Directions for this task
Return exactly the span of lines in the following data that opens with the line containing "using d0 by simp" and closes with the line containing "ultimately show ?thesis". Include nothing else.

Provided material
- - - - -
lemma minimizing_sequence_Cauchy:
  assumes S: "csubspace S" and sS: "\<And>n. s n \<in> S"
    and dle: "\<And>q. q \<in> S \<Longrightarrow> d \<le> norm (x - q)" and d0: "0 \<le> d"
    and sd: "\<And>n. (norm (x - s n))\<^sup>2 < d\<^sup>2 + 1 / (real n + 1)"
  shows "Cauchy s"
proof (rule metric_CauchyI)
  have dist_sq: "(norm (s n - s m))\<^sup>2 \<le> 2 / (real n + 1) + 2 / (real m + 1)" for n m
  proof -
    \<comment> \<open>parallelogram law for x - s m and x - s n, whose mean lies at distance at least d\<close>
    have mid: "(1/2) *\<^sub>C (s n + s m) \<in> S" using S sS by (simp add: csubspace_add csubspace_scaleC)
    have "(x - s m) + (x - s n) = 2 *\<^sub>R (x - (1/2) *\<^sub>C (s n + s m))"
    proof -
      have "2 *\<^sub>R ((1/2) *\<^sub>C (s n + s m)) = s n + s m"
        by (simp add: scaleR_as_scaleC scaleC_scaleC scaleC_one)
      then show ?thesis by (simp add: scaleR_diff_right algebra_simps scaleR_2)
    qed
    then have "norm ((x - s m) + (x - s n)) = 2 * norm (x - (1/2) *\<^sub>C (s n + s m))"
      by simp
    then have "2 * d \<le> norm ((x - s m) + (x - s n))" using dle[OF mid] by simp
    then have "(2 * d)\<^sup>2 \<le> (norm ((x - s m) + (x - s n)))\<^sup>2"
      using d0 by (intro power_mono) auto
    then show ?thesis
      using parallelogram_law[of "x - s m" "x - s n"] sd[of n] sd[of m] by simp
  qed
  fix e :: real assume e: "e > 0"
  obtain N :: nat where N: "4 / e\<^sup>2 < real N" using reals_Archimedean2 by blast
  have small: "2 / (real n + 1) < e\<^sup>2 / 2" if "N \<le> n" for n
  proof -
    have "4 / e\<^sup>2 < real n + 1" using N that by linarith
    then show ?thesis using e by (simp add: field_simps)
  qed
  show "\<exists>M. \<forall>m\<ge>M. \<forall>n\<ge>M. dist (s m) (s n) < e"
  proof (intro exI allI impI)
    fix m n assume "N \<le> m" "N \<le> n"
    then have "(norm (s m - s n))\<^sup>2 < e\<^sup>2" using dist_sq[of m n] small[of m] small[of n] by linarith
    then show "dist (s m) (s n) < e" using e by (simp add: dist_norm power_less_imp_less_base)
  qed
qed

lemma exists_minimizing_sequence:
  assumes "csubspace S"
  shows "\<exists>s. (\<forall>n. s n \<in> S) \<and>
    (\<forall>n. (norm (x - s n))\<^sup>2 < (Inf ((\<lambda>s. norm (x - s)) ` S))\<^sup>2 + 1 / (real n + 1))"
proof -
  define d where "d = Inf ((\<lambda>s. norm (x - s)) ` S)"
  have ne: "(\<lambda>s. norm (x - s)) ` S \<noteq> {}" using csubspace_0[OF assms] by blast
  have d0: "d \<ge> 0" unfolding d_def using ne by (auto intro!: cInf_greatest)
  have "\<exists>s\<in>S. (norm (x - s))\<^sup>2 < d\<^sup>2 + 1 / (real n + 1)" for n
  proof -
    have "d\<^sup>2 < d\<^sup>2 + 1 / (real n + 1)" by (simp add: add_pos_nonneg)
    then have "sqrt (d\<^sup>2) < sqrt (d\<^sup>2 + 1 / (real n + 1))" by (rule real_sqrt_less_mono)
    then have "d < sqrt (d\<^sup>2 + 1 / (real n + 1))" using d0 by simp
    then obtain s where "s \<in> S" "norm (x - s) < sqrt (d\<^sup>2 + 1 / (real n + 1))"
      using cInf_lessD[OF ne] by (auto simp: d_def)
    moreover have "0 \<le> d\<^sup>2 + 1 / (real n + 1)" by simp
    ultimately show ?thesis
      by (metis norm_ge_zero power_strict_mono real_sqrt_pow2 zero_less_numeral pos2)
  qed
  then show ?thesis unfolding d_def by (metis (no_types))
qed

lemma exists_orth_decomposition:
  assumes S: "csubspace S" and cl: "closed S"
  shows "\<exists>p\<in>S. \<forall>f\<in>S. cinner f (x - p) = 0"
proof -
  define d where "d = Inf ((\<lambda>s. norm (x - s)) ` S)"
  have dle: "d \<le> norm (x - q)" if "q \<in> S" for q
    unfolding d_def using that by (auto intro!: cInf_lower bdd_belowI[of _ 0])
  have d0: "d \<ge> 0" unfolding d_def using csubspace_0[OF S] by (auto intro!: cInf_greatest)
  obtain s where sS: "\<And>n. s n \<in> S" and sd: "\<And>n. (norm (x - s n))\<^sup>2 < d\<^sup>2 + 1 / (real n + 1)"
    using exists_minimizing_sequence[OF S, of x] unfolding d_def by blast
  have "Cauchy s" using minimizing_sequence_Cauchy[OF S sS dle d0 sd] .
  then obtain p where lim: "s \<longlonglongrightarrow> p" using Cauchy_convergent_iff convergent_def by blast
  have pS: "p \<in> S" using cl lim sS closed_sequentially by blast
  have "(norm (x - p))\<^sup>2 \<le> d\<^sup>2 + 0"
  proof (rule LIMSEQ_le)
    show "(\<lambda>n. (norm (x - s n))\<^sup>2) \<longlonglongrightarrow> (norm (x - p))\<^sup>2" by (intro tendsto_intros lim)
    show "(\<lambda>n. d\<^sup>2 + 1 / (real n + 1)) \<longlonglongrightarrow> d\<^sup>2 + 0"
      using LIMSEQ_inverse_real_of_nat
      by (intro tendsto_add tendsto_const) (simp add: inverse_eq_divide add.commute)
    show "\<exists>N. \<forall>n\<ge>N. (norm (x - s n))\<^sup>2 \<le> d\<^sup>2 + 1 / (real n + 1)"
      using sd by (auto intro: less_imp_le)
  qed
  then have "(norm (x - p))\<^sup>2 \<le> d\<^sup>2" by simp
  then have "norm (x - p) \<le> d" using d0 by (rule power2_le_imp_le)
  then have "norm (x - p) \<le> norm (x - q)" if "q \<in> S" for q using dle[OF that] by linarith
  then show ?thesis using nearest_point_orthogonal[OF S pS] pS by blast
qed

locale closed_csubspace =
  fixes S :: "'a::complex_hilbert set"
  assumes sub: "csubspace S" and cl: "closed S"
begin

lemma orth_proj_unique:
  assumes "p \<in> S" "\<forall>f\<in>S. cinner f (x - p) = 0" "q \<in> S" "\<forall>f\<in>S. cinner f (x - q) = 0"
  shows "p = q"
proof -
  have "q - p \<in> S" using assms sub by (simp add: csubspace_diff)
  moreover have "q - p = (x - p) - (x - q)" by simp
  then have "cinner f (q - p) = 0" if "f \<in> S" for f using assms that
    by (simp add: cinner_diff_right)
  ultimately have "cinner (q - p) (q - p) = 0" by blast
  then show ?thesis by simp
qed

lemma orth_proj_char: "orth_proj S x \<in> S \<and> (\<forall>f\<in>S. cinner f (x - orth_proj S x) = 0)"
proof -
  have "\<exists>!p. p \<in> S \<and> (\<forall>f\<in>S. cinner f (x - p) = 0)"
    using exists_orth_decomposition[OF sub cl] orth_proj_unique by blast
  then show ?thesis unfolding orth_proj_def by (rule theI')
qed

lemma orth_proj_in: "orth_proj S x \<in> S"
  using orth_proj_char by blast

lemma orth_proj_orth: "f \<in> S \<Longrightarrow> cinner f (x - orth_proj S x) = 0"
  using orth_proj_char by blast

lemma orth_proj_orth': "f \<in> S \<Longrightarrow> cinner (x - orth_proj S x) f = 0"
  using orth_proj_orth cinner_eq_zero_sym by blast

lemma orth_proj_eqI: "p \<in> S \<Longrightarrow> (\<And>f. f \<in> S \<Longrightarrow> cinner f (x - p) = 0) \<Longrightarrow> orth_proj S x = p"
  using orth_proj_unique orth_proj_char by blast

lemma orth_proj_id: "x \<in> S \<Longrightarrow> orth_proj S x = x"
  by (rule orth_proj_eqI) auto

lemma orth_proj_idem: "orth_proj S (orth_proj S x) = orth_proj S x"
  by (rule orth_proj_id[OF orth_proj_in])

lemma orth_proj_add: "orth_proj S (x + y) = orth_proj S x + orth_proj S y"
proof (rule orth_proj_eqI)
  show "orth_proj S x + orth_proj S y \<in> S" using sub orth_proj_in by (simp add: csubspace_add)
  fix f assume "f \<in> S"
  have "x + y - (orth_proj S x + orth_proj S y) = (x - orth_proj S x) + (y - orth_proj S y)"
    by simp
  then show "cinner f (x + y - (orth_proj S x + orth_proj S y)) = 0"
    using \<open>f \<in> S\<close> by (simp only: cinner_add_right orth_proj_orth) simp
qed

lemma orth_proj_scaleC: "orth_proj S (c *\<^sub>C x) = c *\<^sub>C orth_proj S x"
proof (rule orth_proj_eqI)
  show "c *\<^sub>C orth_proj S x \<in> S" using sub orth_proj_in by (simp add: csubspace_scaleC)
  fix f assume "f \<in> S"
  moreover have "c *\<^sub>C x - c *\<^sub>C orth_proj S x = c *\<^sub>C (x - orth_proj S x)"
    by (simp add: scaleC_diff_right)
  ultimately show "cinner f (c *\<^sub>C x - c *\<^sub>C orth_proj S x) = 0"
    by (simp add: cinner_scaleC_right orth_proj_orth)
qed

lemma orth_proj_minus: "orth_proj S (- x) = - orth_proj S x"
  by (simp add: minus_as_scaleC orth_proj_scaleC)

lemma orth_proj_diff: "orth_proj S (x - y) = orth_proj S x - orth_proj S y"
  unfolding diff_conv_add_uminus by (simp only: orth_proj_add orth_proj_minus)

lemma orth_proj_pythagoras: "(norm x)\<^sup>2 = (norm (orth_proj S x))\<^sup>2 + (norm (x - orth_proj S x))\<^sup>2"
proof -
  have "(norm x)\<^sup>2 = (norm (orth_proj S x + (x - orth_proj S x)))\<^sup>2" by simp
  also have "\<dots> = (norm (orth_proj S x))\<^sup>2 + (norm (x - orth_proj S x))\<^sup>2"
    by (simp only: norm_add_sq orth_proj_orth[OF orth_proj_in]) simp
  finally show ?thesis .
qed

lemma norm_orth_proj_le: "norm (orth_proj S x) \<le> norm x"
  using orth_proj_pythagoras[of x]
  by (metis le_add_same_cancel1 norm_ge_zero power2_le_imp_le zero_le_power2)

lemma cinner_orth_proj: "f \<in> S \<Longrightarrow> cinner f (orth_proj S x) = cinner f x"
  using orth_proj_orth[of f x] by (simp add: cinner_diff_right)

lemma orth_proj_eq_0_if_orth: "(\<And>f. f \<in> S \<Longrightarrow> cinner x f = 0) \<Longrightarrow> orth_proj S x = 0"
  by (rule orth_proj_eqI) (auto simp: sub csubspace_0 cinner_eq_zero_sym)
- - - - -
Reply to the task
    then have "d < sqrt (d\<^sup>2 + 1 / (real n + 1))" using d0 by simp
    then obtain s where "s \<in> S" "norm (x - s) < sqrt (d\<^sup>2 + 1 / (real n + 1))"
      using cInf_lessD[OF ne] by (auto simp: d_def)
    moreover have "0 \<le> d\<^sup>2 + 1 / (real n + 1)" by simp
    ultimately show ?thesis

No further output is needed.